Reproduce the entries below exactly, but only from the line containing "- fitch_bias s" to the line containing "by (cases a;", inclusive.

__________

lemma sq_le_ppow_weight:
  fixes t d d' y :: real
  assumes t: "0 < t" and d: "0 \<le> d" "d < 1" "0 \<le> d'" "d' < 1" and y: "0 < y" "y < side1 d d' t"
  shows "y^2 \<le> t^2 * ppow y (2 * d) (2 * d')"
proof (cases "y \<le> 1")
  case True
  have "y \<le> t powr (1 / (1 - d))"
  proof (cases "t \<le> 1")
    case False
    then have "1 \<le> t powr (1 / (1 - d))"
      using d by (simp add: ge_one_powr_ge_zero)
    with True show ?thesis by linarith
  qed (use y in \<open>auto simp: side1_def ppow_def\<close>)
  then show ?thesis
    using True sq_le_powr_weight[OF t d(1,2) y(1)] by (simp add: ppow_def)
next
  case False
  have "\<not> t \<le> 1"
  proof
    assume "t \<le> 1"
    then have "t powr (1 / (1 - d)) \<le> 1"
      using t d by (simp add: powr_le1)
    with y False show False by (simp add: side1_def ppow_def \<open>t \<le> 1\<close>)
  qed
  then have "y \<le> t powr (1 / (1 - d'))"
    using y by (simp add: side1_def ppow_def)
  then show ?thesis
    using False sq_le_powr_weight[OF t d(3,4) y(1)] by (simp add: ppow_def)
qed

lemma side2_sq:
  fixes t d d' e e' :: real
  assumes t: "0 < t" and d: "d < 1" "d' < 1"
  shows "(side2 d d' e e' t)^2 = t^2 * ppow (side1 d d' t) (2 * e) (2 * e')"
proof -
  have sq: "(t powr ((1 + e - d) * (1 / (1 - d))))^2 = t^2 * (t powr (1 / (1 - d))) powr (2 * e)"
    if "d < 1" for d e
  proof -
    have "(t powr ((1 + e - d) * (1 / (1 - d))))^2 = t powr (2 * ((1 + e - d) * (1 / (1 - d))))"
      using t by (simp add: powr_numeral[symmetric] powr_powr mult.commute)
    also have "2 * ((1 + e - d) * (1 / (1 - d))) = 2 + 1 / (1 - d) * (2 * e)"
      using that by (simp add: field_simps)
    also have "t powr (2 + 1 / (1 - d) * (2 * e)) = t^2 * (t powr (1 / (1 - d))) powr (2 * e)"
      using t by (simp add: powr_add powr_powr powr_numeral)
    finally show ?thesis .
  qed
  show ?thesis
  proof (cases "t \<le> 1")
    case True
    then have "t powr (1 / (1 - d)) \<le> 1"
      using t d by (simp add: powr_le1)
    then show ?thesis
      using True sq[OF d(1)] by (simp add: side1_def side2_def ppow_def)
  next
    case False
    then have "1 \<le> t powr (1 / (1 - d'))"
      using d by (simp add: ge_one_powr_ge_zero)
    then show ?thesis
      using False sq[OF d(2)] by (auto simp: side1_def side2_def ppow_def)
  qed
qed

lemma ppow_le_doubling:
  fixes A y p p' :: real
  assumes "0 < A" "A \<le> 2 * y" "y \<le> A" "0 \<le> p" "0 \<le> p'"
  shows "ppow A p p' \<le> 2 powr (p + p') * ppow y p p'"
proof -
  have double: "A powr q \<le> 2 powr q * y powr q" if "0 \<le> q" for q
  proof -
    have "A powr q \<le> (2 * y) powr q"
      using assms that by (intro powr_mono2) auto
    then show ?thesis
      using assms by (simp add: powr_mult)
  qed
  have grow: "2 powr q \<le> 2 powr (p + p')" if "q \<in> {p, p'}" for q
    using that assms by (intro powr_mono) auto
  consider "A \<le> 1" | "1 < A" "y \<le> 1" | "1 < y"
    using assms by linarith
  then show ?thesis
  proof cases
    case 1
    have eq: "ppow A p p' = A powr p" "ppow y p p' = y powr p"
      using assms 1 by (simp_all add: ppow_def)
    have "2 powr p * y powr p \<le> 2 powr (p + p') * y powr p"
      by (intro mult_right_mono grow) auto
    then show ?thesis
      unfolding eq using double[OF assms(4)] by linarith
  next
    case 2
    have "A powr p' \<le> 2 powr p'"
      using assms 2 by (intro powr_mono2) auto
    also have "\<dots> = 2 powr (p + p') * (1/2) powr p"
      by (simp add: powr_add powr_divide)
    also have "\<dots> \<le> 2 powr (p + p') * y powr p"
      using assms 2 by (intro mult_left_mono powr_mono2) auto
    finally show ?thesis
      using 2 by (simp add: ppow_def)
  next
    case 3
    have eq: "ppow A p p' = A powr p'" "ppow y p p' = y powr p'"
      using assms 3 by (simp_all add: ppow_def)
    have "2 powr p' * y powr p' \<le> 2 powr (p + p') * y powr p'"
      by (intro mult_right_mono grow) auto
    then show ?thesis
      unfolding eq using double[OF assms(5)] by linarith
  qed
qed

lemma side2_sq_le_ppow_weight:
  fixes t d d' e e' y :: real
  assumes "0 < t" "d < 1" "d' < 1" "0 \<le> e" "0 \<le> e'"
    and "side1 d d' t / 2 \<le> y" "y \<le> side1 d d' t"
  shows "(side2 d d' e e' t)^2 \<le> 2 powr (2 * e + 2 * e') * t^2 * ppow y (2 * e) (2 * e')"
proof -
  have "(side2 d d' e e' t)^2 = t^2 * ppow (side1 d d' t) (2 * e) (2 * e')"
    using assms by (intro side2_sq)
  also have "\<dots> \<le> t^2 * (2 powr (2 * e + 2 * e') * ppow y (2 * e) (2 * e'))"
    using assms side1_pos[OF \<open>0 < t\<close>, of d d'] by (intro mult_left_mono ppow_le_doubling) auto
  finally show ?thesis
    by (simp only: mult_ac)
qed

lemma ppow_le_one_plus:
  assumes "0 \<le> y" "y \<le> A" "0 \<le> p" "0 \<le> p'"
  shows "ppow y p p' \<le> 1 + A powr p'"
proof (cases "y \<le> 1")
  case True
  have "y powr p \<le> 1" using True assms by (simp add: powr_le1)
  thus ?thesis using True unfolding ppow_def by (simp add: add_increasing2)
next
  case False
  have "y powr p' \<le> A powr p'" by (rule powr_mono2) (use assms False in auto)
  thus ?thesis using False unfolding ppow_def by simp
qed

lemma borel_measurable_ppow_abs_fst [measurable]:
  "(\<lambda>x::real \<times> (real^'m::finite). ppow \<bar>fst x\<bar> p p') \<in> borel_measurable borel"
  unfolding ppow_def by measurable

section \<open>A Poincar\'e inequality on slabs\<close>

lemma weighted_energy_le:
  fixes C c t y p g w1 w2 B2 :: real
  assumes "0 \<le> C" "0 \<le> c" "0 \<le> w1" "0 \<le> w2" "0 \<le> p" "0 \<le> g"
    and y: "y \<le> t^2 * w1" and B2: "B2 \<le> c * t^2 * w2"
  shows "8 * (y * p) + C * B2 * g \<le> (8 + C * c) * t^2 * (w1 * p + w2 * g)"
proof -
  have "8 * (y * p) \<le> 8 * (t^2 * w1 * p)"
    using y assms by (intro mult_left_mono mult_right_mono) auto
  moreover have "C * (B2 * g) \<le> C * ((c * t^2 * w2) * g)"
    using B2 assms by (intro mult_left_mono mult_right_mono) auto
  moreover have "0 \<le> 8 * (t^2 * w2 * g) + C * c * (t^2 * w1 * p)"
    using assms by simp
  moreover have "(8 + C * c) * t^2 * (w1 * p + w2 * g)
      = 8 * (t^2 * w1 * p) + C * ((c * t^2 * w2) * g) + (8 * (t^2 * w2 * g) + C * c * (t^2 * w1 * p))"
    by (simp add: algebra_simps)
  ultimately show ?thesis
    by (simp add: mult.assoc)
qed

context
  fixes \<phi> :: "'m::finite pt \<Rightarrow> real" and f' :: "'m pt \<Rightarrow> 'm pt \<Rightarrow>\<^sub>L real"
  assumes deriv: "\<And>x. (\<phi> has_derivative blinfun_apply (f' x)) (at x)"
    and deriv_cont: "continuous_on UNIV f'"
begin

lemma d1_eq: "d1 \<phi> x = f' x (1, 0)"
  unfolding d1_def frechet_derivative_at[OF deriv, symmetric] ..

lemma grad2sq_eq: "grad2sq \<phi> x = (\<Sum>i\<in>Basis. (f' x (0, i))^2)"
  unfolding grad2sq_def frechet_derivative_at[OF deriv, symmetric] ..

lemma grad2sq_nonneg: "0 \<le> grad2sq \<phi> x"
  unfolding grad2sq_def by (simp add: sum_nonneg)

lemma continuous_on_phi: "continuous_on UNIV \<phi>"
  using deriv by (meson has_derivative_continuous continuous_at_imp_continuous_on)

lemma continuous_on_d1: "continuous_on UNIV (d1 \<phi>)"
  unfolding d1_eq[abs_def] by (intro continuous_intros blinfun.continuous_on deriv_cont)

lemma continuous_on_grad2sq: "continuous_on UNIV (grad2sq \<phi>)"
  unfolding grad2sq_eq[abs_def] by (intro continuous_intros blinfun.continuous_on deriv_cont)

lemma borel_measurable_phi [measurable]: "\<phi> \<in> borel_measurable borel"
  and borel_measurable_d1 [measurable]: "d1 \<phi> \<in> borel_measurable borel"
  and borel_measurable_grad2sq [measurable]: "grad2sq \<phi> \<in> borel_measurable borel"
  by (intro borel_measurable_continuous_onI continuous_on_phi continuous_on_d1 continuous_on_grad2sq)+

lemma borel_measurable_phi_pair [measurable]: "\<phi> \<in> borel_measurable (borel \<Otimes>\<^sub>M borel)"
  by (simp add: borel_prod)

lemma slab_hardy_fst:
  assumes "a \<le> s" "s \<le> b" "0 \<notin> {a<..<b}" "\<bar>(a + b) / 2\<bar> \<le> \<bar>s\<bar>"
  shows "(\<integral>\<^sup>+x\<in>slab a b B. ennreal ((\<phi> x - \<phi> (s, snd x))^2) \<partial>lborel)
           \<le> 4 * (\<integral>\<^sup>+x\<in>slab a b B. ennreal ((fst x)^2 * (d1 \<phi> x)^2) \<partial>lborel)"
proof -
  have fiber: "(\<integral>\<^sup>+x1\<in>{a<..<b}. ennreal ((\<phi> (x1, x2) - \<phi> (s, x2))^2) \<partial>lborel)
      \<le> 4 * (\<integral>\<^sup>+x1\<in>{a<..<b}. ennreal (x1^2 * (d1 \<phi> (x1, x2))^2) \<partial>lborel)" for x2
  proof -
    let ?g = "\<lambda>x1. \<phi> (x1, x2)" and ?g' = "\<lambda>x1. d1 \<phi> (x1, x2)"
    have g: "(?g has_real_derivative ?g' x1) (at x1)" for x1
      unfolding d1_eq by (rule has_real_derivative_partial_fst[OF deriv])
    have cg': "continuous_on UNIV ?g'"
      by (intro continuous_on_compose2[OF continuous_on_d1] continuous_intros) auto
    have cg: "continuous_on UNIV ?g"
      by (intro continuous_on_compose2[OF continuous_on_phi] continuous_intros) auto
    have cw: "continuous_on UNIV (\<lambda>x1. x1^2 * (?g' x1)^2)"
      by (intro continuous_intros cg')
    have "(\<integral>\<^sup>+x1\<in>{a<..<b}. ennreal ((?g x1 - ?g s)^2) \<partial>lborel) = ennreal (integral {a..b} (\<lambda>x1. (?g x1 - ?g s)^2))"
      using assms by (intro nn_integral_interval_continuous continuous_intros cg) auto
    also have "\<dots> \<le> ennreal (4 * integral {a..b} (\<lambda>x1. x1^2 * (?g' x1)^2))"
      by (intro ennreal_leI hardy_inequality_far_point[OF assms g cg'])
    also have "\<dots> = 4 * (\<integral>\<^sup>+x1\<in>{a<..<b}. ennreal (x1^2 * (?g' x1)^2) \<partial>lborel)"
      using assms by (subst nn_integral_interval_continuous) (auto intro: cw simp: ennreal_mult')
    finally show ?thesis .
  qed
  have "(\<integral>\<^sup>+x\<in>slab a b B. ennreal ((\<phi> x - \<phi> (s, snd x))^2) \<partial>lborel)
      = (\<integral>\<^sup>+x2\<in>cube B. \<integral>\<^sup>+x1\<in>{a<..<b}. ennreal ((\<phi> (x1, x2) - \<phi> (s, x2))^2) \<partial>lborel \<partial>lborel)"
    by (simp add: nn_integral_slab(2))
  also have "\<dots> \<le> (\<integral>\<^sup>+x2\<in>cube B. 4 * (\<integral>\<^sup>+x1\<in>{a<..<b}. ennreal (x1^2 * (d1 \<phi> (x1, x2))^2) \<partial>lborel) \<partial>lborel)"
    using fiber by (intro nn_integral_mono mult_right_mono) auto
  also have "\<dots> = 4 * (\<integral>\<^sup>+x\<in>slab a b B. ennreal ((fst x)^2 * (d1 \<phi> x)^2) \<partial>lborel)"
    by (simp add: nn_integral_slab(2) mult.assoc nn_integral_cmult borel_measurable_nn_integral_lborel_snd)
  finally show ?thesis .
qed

__________

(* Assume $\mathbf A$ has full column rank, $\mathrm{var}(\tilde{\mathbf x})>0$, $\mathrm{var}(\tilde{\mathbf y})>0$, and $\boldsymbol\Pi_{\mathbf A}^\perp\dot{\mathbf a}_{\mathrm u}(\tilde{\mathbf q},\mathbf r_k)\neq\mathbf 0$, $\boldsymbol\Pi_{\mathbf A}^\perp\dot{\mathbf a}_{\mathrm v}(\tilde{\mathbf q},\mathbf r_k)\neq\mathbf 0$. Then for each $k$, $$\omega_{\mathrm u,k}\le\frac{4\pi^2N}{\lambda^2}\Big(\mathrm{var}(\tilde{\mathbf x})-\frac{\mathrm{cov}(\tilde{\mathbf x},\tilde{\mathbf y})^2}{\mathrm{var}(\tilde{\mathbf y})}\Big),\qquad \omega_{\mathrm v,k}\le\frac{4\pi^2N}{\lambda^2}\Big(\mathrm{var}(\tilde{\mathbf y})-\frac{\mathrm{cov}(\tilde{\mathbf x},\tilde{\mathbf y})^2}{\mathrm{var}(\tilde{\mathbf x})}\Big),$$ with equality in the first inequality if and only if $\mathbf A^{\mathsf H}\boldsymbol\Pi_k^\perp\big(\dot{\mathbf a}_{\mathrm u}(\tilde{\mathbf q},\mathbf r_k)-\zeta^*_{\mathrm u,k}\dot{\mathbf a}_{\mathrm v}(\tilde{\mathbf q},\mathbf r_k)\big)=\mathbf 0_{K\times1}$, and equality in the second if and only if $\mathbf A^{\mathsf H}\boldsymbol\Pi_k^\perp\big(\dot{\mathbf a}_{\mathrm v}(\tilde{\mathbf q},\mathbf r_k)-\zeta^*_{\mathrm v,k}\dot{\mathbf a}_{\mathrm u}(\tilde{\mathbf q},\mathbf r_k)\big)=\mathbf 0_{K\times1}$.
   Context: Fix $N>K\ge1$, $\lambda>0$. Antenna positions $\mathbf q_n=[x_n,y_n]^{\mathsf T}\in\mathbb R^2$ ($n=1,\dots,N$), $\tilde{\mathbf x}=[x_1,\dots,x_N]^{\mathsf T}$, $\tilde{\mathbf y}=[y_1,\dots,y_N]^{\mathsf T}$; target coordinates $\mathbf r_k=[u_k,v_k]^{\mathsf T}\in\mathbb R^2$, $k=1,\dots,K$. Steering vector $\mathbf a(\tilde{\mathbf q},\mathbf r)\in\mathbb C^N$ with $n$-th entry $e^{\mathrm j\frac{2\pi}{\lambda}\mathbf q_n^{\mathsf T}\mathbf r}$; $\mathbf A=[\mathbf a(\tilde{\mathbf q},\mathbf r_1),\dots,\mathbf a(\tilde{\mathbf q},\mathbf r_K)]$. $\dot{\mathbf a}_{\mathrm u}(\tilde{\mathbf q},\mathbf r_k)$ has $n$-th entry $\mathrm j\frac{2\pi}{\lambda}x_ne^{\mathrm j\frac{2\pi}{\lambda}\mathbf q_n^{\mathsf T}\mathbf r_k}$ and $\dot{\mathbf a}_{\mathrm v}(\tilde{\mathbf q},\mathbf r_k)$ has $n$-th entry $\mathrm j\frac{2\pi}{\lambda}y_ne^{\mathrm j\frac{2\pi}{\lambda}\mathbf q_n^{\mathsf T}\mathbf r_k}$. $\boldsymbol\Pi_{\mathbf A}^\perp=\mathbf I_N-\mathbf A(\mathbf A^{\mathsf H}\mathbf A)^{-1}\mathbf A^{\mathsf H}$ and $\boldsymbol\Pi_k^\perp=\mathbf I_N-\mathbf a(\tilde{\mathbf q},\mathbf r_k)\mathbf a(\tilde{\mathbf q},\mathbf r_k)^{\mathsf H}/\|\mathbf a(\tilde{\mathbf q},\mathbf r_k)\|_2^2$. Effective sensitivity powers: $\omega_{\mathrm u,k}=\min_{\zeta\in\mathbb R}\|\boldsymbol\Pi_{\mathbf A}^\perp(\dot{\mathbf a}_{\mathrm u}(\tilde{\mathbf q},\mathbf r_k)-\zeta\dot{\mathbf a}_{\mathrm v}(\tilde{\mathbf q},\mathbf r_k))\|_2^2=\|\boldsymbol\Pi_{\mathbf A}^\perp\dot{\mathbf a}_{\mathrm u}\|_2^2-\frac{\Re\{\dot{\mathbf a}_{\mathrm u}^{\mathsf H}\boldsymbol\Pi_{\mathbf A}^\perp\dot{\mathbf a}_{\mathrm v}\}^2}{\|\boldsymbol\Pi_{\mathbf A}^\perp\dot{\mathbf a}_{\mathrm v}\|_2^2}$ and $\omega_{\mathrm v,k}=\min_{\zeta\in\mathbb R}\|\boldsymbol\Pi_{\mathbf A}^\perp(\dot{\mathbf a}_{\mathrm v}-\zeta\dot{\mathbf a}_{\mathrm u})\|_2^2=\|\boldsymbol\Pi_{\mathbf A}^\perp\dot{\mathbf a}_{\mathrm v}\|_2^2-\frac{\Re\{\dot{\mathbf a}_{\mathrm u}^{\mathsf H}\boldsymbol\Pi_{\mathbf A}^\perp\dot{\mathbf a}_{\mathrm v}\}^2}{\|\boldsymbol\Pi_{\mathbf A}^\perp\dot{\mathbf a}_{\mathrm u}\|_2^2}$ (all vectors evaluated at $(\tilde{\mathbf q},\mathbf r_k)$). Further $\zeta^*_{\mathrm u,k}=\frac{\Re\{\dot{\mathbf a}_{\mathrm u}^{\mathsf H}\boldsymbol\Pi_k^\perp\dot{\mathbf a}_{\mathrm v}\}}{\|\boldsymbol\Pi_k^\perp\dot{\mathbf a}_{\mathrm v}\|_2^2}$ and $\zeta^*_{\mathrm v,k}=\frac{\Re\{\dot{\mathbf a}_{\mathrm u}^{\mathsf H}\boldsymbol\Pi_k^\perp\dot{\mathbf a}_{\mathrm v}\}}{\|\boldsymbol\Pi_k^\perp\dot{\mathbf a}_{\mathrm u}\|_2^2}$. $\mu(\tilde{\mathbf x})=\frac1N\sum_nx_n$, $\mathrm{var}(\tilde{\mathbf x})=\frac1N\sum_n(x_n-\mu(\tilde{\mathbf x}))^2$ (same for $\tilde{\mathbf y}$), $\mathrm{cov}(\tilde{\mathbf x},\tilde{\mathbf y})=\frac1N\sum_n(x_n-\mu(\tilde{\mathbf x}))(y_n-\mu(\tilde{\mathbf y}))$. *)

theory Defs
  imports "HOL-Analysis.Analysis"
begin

__________

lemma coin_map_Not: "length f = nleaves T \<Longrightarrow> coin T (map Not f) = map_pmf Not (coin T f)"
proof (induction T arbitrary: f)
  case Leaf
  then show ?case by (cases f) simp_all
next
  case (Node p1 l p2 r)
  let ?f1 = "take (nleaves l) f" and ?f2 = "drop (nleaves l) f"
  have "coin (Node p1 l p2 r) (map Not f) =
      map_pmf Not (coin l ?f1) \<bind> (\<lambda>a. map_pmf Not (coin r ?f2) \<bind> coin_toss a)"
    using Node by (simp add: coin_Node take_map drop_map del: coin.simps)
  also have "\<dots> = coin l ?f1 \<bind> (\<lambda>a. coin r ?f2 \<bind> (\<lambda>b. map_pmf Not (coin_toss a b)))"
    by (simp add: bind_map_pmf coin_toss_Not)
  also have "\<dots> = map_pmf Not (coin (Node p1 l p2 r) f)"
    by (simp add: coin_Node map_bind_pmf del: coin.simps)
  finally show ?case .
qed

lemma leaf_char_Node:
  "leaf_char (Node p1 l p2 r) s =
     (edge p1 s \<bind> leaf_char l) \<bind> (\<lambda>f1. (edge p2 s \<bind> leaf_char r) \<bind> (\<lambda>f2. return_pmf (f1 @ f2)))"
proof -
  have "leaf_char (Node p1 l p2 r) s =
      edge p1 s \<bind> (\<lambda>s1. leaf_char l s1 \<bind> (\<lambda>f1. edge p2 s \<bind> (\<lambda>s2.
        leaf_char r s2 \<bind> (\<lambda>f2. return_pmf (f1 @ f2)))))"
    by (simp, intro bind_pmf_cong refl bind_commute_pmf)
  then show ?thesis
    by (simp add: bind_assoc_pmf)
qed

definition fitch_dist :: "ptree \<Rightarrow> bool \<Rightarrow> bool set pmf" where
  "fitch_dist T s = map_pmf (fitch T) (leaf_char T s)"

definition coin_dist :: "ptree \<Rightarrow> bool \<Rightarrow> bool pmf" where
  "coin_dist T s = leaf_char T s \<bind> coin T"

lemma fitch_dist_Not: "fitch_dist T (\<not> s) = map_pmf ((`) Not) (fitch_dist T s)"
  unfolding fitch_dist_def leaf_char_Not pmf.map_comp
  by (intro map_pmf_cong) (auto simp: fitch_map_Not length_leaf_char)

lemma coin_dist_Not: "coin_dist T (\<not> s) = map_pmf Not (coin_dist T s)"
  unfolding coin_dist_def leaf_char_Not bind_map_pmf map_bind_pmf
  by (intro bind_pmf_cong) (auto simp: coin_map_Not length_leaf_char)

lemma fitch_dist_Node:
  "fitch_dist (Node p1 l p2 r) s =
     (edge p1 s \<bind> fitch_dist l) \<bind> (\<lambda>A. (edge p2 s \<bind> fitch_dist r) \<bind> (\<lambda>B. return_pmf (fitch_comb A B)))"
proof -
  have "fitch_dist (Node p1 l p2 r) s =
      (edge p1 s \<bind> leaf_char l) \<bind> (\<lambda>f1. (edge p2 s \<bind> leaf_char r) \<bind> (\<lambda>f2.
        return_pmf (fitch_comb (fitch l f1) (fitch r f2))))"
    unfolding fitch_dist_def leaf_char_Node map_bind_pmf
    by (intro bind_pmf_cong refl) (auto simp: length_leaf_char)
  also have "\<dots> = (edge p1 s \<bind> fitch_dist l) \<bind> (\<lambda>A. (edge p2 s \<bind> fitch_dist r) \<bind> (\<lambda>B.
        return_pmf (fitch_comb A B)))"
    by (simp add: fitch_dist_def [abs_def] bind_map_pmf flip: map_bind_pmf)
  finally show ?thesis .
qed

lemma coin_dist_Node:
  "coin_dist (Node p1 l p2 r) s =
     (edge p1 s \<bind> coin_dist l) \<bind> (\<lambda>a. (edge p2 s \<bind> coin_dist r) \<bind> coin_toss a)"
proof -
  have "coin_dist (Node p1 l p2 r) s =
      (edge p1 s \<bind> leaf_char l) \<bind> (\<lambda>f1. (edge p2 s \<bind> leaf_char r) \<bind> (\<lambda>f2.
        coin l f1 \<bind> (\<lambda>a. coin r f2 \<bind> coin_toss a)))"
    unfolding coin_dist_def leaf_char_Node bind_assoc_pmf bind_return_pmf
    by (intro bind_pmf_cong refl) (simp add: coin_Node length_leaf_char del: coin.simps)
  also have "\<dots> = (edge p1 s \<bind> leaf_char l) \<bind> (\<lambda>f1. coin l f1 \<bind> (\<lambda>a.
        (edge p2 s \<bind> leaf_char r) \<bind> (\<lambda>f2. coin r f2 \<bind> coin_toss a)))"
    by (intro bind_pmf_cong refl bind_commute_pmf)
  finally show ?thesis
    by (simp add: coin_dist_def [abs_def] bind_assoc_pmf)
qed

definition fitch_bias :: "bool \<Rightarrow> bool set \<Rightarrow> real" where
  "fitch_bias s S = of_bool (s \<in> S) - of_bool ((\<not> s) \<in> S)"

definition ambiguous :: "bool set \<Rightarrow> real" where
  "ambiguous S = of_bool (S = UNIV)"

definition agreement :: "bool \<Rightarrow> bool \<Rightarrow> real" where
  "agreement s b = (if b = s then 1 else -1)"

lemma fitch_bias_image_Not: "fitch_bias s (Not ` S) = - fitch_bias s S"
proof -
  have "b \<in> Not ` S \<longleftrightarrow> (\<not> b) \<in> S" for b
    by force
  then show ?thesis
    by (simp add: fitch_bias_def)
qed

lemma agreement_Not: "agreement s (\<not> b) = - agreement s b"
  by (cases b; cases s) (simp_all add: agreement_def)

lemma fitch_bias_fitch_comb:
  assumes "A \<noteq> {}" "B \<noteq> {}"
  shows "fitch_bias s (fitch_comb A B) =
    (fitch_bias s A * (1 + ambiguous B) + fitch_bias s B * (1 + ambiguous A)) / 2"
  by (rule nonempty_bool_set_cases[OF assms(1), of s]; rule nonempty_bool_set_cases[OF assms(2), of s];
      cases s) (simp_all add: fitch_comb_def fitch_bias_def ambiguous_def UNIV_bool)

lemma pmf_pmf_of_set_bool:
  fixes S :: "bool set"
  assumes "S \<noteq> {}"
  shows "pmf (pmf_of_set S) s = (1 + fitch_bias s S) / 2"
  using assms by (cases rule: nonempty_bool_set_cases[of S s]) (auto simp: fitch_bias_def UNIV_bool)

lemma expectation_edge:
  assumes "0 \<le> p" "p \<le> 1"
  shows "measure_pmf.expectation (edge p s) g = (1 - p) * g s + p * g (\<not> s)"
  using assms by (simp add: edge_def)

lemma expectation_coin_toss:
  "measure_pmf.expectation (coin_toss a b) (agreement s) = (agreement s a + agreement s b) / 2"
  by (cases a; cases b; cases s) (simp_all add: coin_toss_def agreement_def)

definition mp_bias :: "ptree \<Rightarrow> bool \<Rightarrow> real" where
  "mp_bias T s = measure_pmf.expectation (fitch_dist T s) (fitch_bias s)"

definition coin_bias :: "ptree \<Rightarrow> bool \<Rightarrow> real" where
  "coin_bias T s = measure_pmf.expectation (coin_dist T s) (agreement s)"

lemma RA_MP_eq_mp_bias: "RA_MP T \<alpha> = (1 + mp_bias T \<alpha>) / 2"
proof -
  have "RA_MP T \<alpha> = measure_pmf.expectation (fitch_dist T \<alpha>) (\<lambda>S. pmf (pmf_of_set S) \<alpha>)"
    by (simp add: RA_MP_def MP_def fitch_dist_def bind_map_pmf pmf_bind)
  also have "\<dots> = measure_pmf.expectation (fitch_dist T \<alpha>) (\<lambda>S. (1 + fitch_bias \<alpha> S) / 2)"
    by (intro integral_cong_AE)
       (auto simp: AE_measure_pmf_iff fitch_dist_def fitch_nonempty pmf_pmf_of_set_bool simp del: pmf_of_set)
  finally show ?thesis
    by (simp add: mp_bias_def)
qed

__________

Result
lemma fitch_bias_image_Not: "fitch_bias s (Not ` S) = - fitch_bias s S"
proof -
  have "b \<in> Not ` S \<longleftrightarrow> (\<not> b) \<in> S" for b
    by force
  then show ?thesis
    by (simp add: fitch_bias_def)
qed

lemma agreement_Not: "agreement s (\<not> b) = - agreement s b"
  by (cases b; cases s) (simp_all add: agreement_def)

lemma fitch_bias_fitch_comb:
  assumes "A \<noteq> {}" "B \<noteq> {}"
  shows "fitch_bias s (fitch_comb A B) =
    (fitch_bias s A * (1 + ambiguous B) + fitch_bias s B * (1 + ambiguous A)) / 2"
  by (rule nonempty_bool_set_cases[OF assms(1), of s]; rule nonempty_bool_set_cases[OF assms(2), of s];
      cases s) (simp_all add: fitch_comb_def fitch_bias_def ambiguous_def UNIV_bool)

lemma pmf_pmf_of_set_bool:
  fixes S :: "bool set"
  assumes "S \<noteq> {}"
  shows "pmf (pmf_of_set S) s = (1 + fitch_bias s S) / 2"
  using assms by (cases rule: nonempty_bool_set_cases[of S s]) (auto simp: fitch_bias_def UNIV_bool)

lemma expectation_edge:
  assumes "0 \<le> p" "p \<le> 1"
  shows "measure_pmf.expectation (edge p s) g = (1 - p) * g s + p * g (\<not> s)"
  using assms by (simp add: edge_def)

lemma expectation_coin_toss:
  "measure_pmf.expectation (coin_toss a b) (agreement s) = (agreement s a + agreement s b) / 2"
  by (cases a; cases b; cases s) (simp_all add: coin_toss_def agreement_def)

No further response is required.